In recent years, Black Friday has become a massive, practically month-long endeavor where some of the country’s largest retailers offer all kinds of deals and promotions. But for the more than 600,000 small businesses across Colorado, Small Business Saturday is the day truly worth celebrating.
“Small Business Saturday is incredibly important for small bookstores, because it tends to be one of the biggest days of our year,” said Mariana Calderon, store manager at Second Star to the Right books and gifts, located on South Pearl Street. “Especially in the last four years, people seem to need to go back to roots of community building, and bookstores are a pretty important part of any community.”
Created by American Express in 2010, this year’s Small Business Saturday fell on Nov. 30, and businesses all over the city will celebrated with special activities, sales and more. Both Larimer Square and Cherry Creek North promoted participating businesses to increase visitors.

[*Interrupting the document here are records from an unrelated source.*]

lemma has_real_derivative_inner:
  fixes f g :: "real \<Rightarrow> 'a::real_inner"
  assumes "(f has_vector_derivative f') (at x)" "(g has_vector_derivative g') (at x)"
  shows "((\<lambda>x. f x \<bullet> g x) has_real_derivative f x \<bullet> g' + f' \<bullet> g x) (at x)"
proof -
  have "((\<lambda>x. f x \<bullet> g x) has_derivative (\<lambda>h. f x \<bullet> (h *\<^sub>R g') + (h *\<^sub>R f') \<bullet> g x)) (at x)"
    using assms by (intro has_derivative_inner) (simp_all add: has_vector_derivative_def)
  moreover have "(\<lambda>h. f x \<bullet> (h *\<^sub>R g') + (h *\<^sub>R f') \<bullet> g x) = (*) (f x \<bullet> g' + f' \<bullet> g x)"
    by (simp add: fun_eq_iff algebra_simps)
  ultimately show ?thesis by (simp add: has_field_derivative_def)
qed

lemma has_real_derivative_norm:
  fixes f :: "real \<Rightarrow> 'a::real_inner"
  assumes "(f has_vector_derivative f') (at x)" "f x \<noteq> 0"
  shows "((\<lambda>x. norm (f x)) has_real_derivative (f x \<bullet> f') / norm (f x)) (at x)"
proof -
  have "((\<lambda>x. norm (f x)) has_derivative (\<lambda>h. (h *\<^sub>R f') \<bullet> sgn (f x))) (at x)"
    using has_derivative_compose[OF assms(1)[unfolded has_vector_derivative_def] has_derivative_norm[OF assms(2)]] .
  moreover have "(\<lambda>h. (h *\<^sub>R f') \<bullet> sgn (f x)) = (*) ((f x \<bullet> f') / norm (f x))"
    unfolding sgn_div_norm fun_eq_iff by (simp add: inner_commute divide_inverse)
  ultimately show ?thesis by (simp add: has_field_derivative_def)
qed

lemma has_real_derivative_norm_of_vanishing:
  fixes f :: "real \<Rightarrow> 'a::real_normed_vector"
  assumes "(f has_vector_derivative 0) (at x)" "f x = 0"
  shows "((\<lambda>x. norm (f x)) has_real_derivative 0) (at x)"
proof -
  have "\<forall>e>0. \<exists>d>0. \<forall>y. norm (y - x) < d \<longrightarrow> norm (f y - f x - 0) \<le> e * norm (y - x)"
    using assms(1) unfolding has_vector_derivative_def has_derivative_at_alt by simp
  then have "((\<lambda>x. norm (f x)) has_derivative (\<lambda>h. 0)) (at x)"
    unfolding has_derivative_at_alt using assms(2) by simp
  then show ?thesis by (simp add: has_field_derivative_def lambda_zero)
qed

lemma has_vector_derivative_normalize:
  fixes f :: "real \<Rightarrow> 'a::real_inner"
  assumes "(f has_vector_derivative f') (at x)" "f x \<noteq> 0"
  shows "((\<lambda>x. f x /\<^sub>R norm (f x)) has_vector_derivative
           f' /\<^sub>R norm (f x) - ((f x \<bullet> f') / norm (f x) ^ 3) *\<^sub>R f x) (at x)"
proof -
  have "((\<lambda>x. inverse (norm (f x))) has_real_derivative
          - ((f x \<bullet> f') / norm (f x) * inverse ((norm (f x))\<^sup>2))) (at x)"
    using DERIV_inverse_fun[OF has_real_derivative_norm[OF assms]] assms(2) by (simp add: power2_eq_square)
  from has_vector_derivative_scaleR[OF this assms(1)] show ?thesis
    by (simp add: power2_eq_square power3_eq_cube divide_inverse inverse_mult_distrib mult_ac)
qed

lemma has_vector_derivative_unique_on_open:
  fixes f g :: "real \<Rightarrow> 'a::real_normed_vector"
  assumes "(f has_vector_derivative D) (at x)" "(g has_vector_derivative E) (at x)"
    and "open I" "x \<in> I" "\<And>y. y \<in> I \<Longrightarrow> f y = g y"
  shows "D = E"
  using has_vector_derivative_transform_within_open[OF assms(1,3,4) assms(5)] assms(2)
  by (rule vector_derivative_unique_at)

lemma has_vector_derivative_const_on_open:
  fixes f :: "real \<Rightarrow> 'a::real_normed_vector"
  assumes "(f has_vector_derivative D) (at x)" "open I" "x \<in> I" "\<And>y. y \<in> I \<Longrightarrow> f y = c"
  shows "D = 0"
  using has_vector_derivative_unique_on_open[OF assms(1) has_vector_derivative_const assms(2-4)] .

lemma has_vector_derivative_unique_01:
  fixes f :: "real \<Rightarrow> 'a::real_normed_vector"
  assumes "(f has_vector_derivative a) (at e within {0..1})" "(f has_vector_derivative b) (at e within {0..1})"
    and "e \<in> {0..1}"
  shows "a = b"
  using vector_derivative_unique_within_closed_interval[of 0 1 e f a b] assms by (simp add: cbox_interval)

lemma has_vector_derivative_comp_has_derivative:
  assumes "(f has_vector_derivative v) (at t)" "(g has_derivative D) (at (f t))"
  shows "((\<lambda>s. g (f s)) has_vector_derivative D v) (at t)"
proof -
  have "((\<lambda>s. g (f s)) has_derivative (\<lambda>h. D (h *\<^sub>R v))) (at t)"
    using has_derivative_compose[OF assms(1)[unfolded has_vector_derivative_def] assms(2)] .
  moreover have "(\<lambda>h. D (h *\<^sub>R v)) = (\<lambda>h. h *\<^sub>R D v)"
    using has_derivative_bounded_linear[OF assms(2)] by (simp add: bounded_linear.linear linear_cmul)
  ultimately show ?thesis
    by (simp add: has_vector_derivative_def)
qed

section \<open>Symmetry of mixed partial derivatives\<close>

lemma abs_diff_le_of_mem_closed_segment:
  fixes r a b :: real
  assumes "r \<in> closed_segment a b"
  shows "\<bar>r - a\<bar> \<le> \<bar>b - a\<bar>"
  using dist_in_closed_segment[OF assms] by (simp add: dist_real_def abs_minus_commute)

lemma eventually_nhds_box:
  fixes t e :: real
  assumes "eventually P (nhds (t, e))"
  obtains \<delta> where "\<delta> > 0" "\<And>r w. \<bar>r - t\<bar> < \<delta> \<Longrightarrow> \<bar>w - e\<bar> < \<delta> \<Longrightarrow> P (r, w)"
proof -
  obtain \<rho> where \<rho>: "\<rho> > 0" "\<And>z. dist z (t, e) < \<rho> \<Longrightarrow> P z"
    using assms unfolding eventually_nhds_metric by blast
  have "dist (r, w) (t, e) < \<rho>" if "\<bar>r - t\<bar> < \<rho> / 2" "\<bar>w - e\<bar> < \<rho> / 2" for r w
    using sqrt_sum_squares_le_sum_abs[of "r - t" "w - e"] that
    by (simp add: dist_Pair_Pair dist_real_def)
  then show ?thesis
    using that[of "\<rho> / 2"] \<rho> by auto
qed

text \<open>Two applications of the mean value theorem to the mixed difference, first in \<open>r\<close>, then in \<open>w\<close>.\<close>

lemma mixed_difference_approx:
  fixes F P Q :: "real \<Rightarrow> real \<Rightarrow> 'b::real_normed_vector"
  assumes "\<delta>0 > 0"
    and dP: "\<And>r w. \<bar>r - t\<bar> < \<delta>0 \<Longrightarrow> \<bar>w - e\<bar> < \<delta>0 \<Longrightarrow> ((\<lambda>r. F r w) has_vector_derivative P r w) (at r)"
    and dQ: "\<And>r w. \<bar>r - t\<bar> < \<delta>0 \<Longrightarrow> \<bar>w - e\<bar> < \<delta>0 \<Longrightarrow> ((\<lambda>w. P r w) has_vector_derivative Q r w) (at w)"
    and cQ: "\<And>\<epsilon>. \<epsilon> > 0 \<Longrightarrow> \<exists>\<delta>>0. \<forall>r w. \<bar>r - t\<bar> < \<delta> \<longrightarrow> \<bar>w - e\<bar> < \<delta> \<longrightarrow> norm (Q r w - Q t e) \<le> \<epsilon>"
    and "\<epsilon> > 0"
  shows "\<exists>\<delta>>0. \<forall>h k. \<bar>h\<bar> < \<delta> \<longrightarrow> \<bar>k\<bar> < \<delta> \<longrightarrow>
     norm (F (t+h) (e+k) - F (t+h) e - F t (e+k) + F t e - (h*k) *\<^sub>R Q t e) \<le> \<epsilon> * \<bar>h\<bar> * \<bar>k\<bar>"
proof -
  obtain \<delta>1 where "\<delta>1 > 0" and \<delta>1: "\<And>r w. \<bar>r - t\<bar> < \<delta>1 \<Longrightarrow> \<bar>w - e\<bar> < \<delta>1 \<Longrightarrow> norm (Q r w - Q t e) \<le> \<epsilon>"
    using cQ[OF \<open>\<epsilon> > 0\<close>] by blast
  define \<delta> where "\<delta> = min \<delta>0 \<delta>1"
  have "\<delta> > 0" using \<open>\<delta>0 > 0\<close> \<open>\<delta>1 > 0\<close> by (simp add: \<delta>_def)
  have inner: "norm (P r (e+k) - P r e - k *\<^sub>R Q t e) \<le> \<epsilon> * \<bar>k\<bar>"
    if r: "\<bar>r - t\<bar> < \<delta>" and k: "\<bar>k\<bar> < \<delta>" for r k
  proof -
    have "norm ((P r (e+k) - (e+k) *\<^sub>R Q t e) - (P r e - e *\<^sub>R Q t e)) \<le> \<epsilon> * \<bar>(e+k) - e\<bar>"
    proof (rule norm_diff_le_of_vector_derivative_bound[where g'="\<lambda>w. Q r w - Q t e"])
      fix w assume "w \<in> closed_segment e (e+k)"
      then have w: "\<bar>w - e\<bar> < \<delta>" using abs_diff_le_of_mem_closed_segment k by fastforce
      show "((\<lambda>w. P r w - w *\<^sub>R Q t e) has_vector_derivative Q r w - Q t e) (at w)"
        using dQ[of r w] r w by (auto simp: \<delta>_def intro!: derivative_eq_intros)
      show "norm (Q r w - Q t e) \<le> \<epsilon>"
        using \<delta>1 r w by (simp add: \<delta>_def)
    qed
    then show ?thesis by (simp add: algebra_simps)
  qed
  have "norm (F (t+h) (e+k) - F (t+h) e - F t (e+k) + F t e - (h*k) *\<^sub>R Q t e) \<le> \<epsilon> * \<bar>h\<bar> * \<bar>k\<bar>"
    if h: "\<bar>h\<bar> < \<delta>" and k: "\<bar>k\<bar> < \<delta>" for h k
  proof -
    have "norm ((F (t+h) (e+k) - F (t+h) e - ((t+h)*k) *\<^sub>R Q t e) - (F t (e+k) - F t e - (t*k) *\<^sub>R Q t e))
          \<le> (\<epsilon> * \<bar>k\<bar>) * \<bar>(t+h) - t\<bar>"
    proof (rule norm_diff_le_of_vector_derivative_bound[where g'="\<lambda>r. P r (e+k) - P r e - k *\<^sub>R Q t e"])
      fix r assume "r \<in> closed_segment t (t+h)"
      then have r: "\<bar>r - t\<bar> < \<delta>" using abs_diff_le_of_mem_closed_segment h by fastforce
      show "((\<lambda>r. F r (e+k) - F r e - (r*k) *\<^sub>R Q t e) has_vector_derivative
              P r (e+k) - P r e - k *\<^sub>R Q t e) (at r)"
        using dP[of r "e+k"] dP[of r e] r k \<open>\<delta>0 > 0\<close>
        by (auto simp: \<delta>_def intro!: derivative_eq_intros)
      show "norm (P r (e+k) - P r e - k *\<^sub>R Q t e) \<le> \<epsilon> * \<bar>k\<bar>"
        using inner r k by blast
    qed
    then show ?thesis by (simp add: algebra_simps)
  qed
  then show ?thesis using \<open>\<delta> > 0\<close> by blast
qed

“We try to encourage as many businesses as possible to participate with discounts, celebrations and promotions. When they decide to participate, they get listed in our marketing materials, so we can get the word out about them,” said Jenny Starkey, senior director of marketing and community relations with Cherry Creek North. “What’s so wonderful about Cherry Creek North is the amount of partnerships that we see form around our small businesses, and that community goes a long way to explain why small businesses want to open here.”
Abram Sloss, executive director of the Denver Metro Small Business Development Center, said that Small Business Saturday is special not only because it incentivizes people to support local and independent businesses, but because it celebrates the people who have taken a risk by starting their own business and are helping to power the economy.
“Seeing the number of small businesses in Colorado really brings out why they are the backbone of the economy,” he said. “This is a way to celebrate the individuals who want to start a business. And given the time of year, it is valuable for the community, business owners, and for consumers to be reminded how important it is to shop at local stores.”
Every business that participated marked the day in their own way. Second Star featured a special, space-themed story time with local authors, while shoppers in Cherry Creek North had the chance to win Cherry Creek North Gift Cards, accepted at nearly 170 businesses. And new businesses like Cherry Creek’s Blank Barbers, owned by Zackery Jarmon, used discounts to invite people to check out their shop.
“I love the community and people more than anything, and barbershops are great because they reflect their neighborhood very well,” Jarmon said. “When I heard about the Small Business Saturday program, I thought we’d participate because it brings people together.”
For the people who take a lot of pride in their community, Calderon explained, the day is a chance to get out of their houses and support the businesses that make their neighborhoods unique in the first place,
With such a diversity of businesses all over the city celebrating Small Business Saturday, including 175 in Cherry Creek North alone, shoppers were likely able to seek out whatever they need for the season. No matter what kind of services the business offers, there is one thing that unites them — they’re owned and operated by people directly in the community.
“What’s great about these small businesses is you’re not just supporting the economy, but your community,” Starkey said. “You’re supporting your friends, family, neighbors and loved ones who are employed at these businesses.”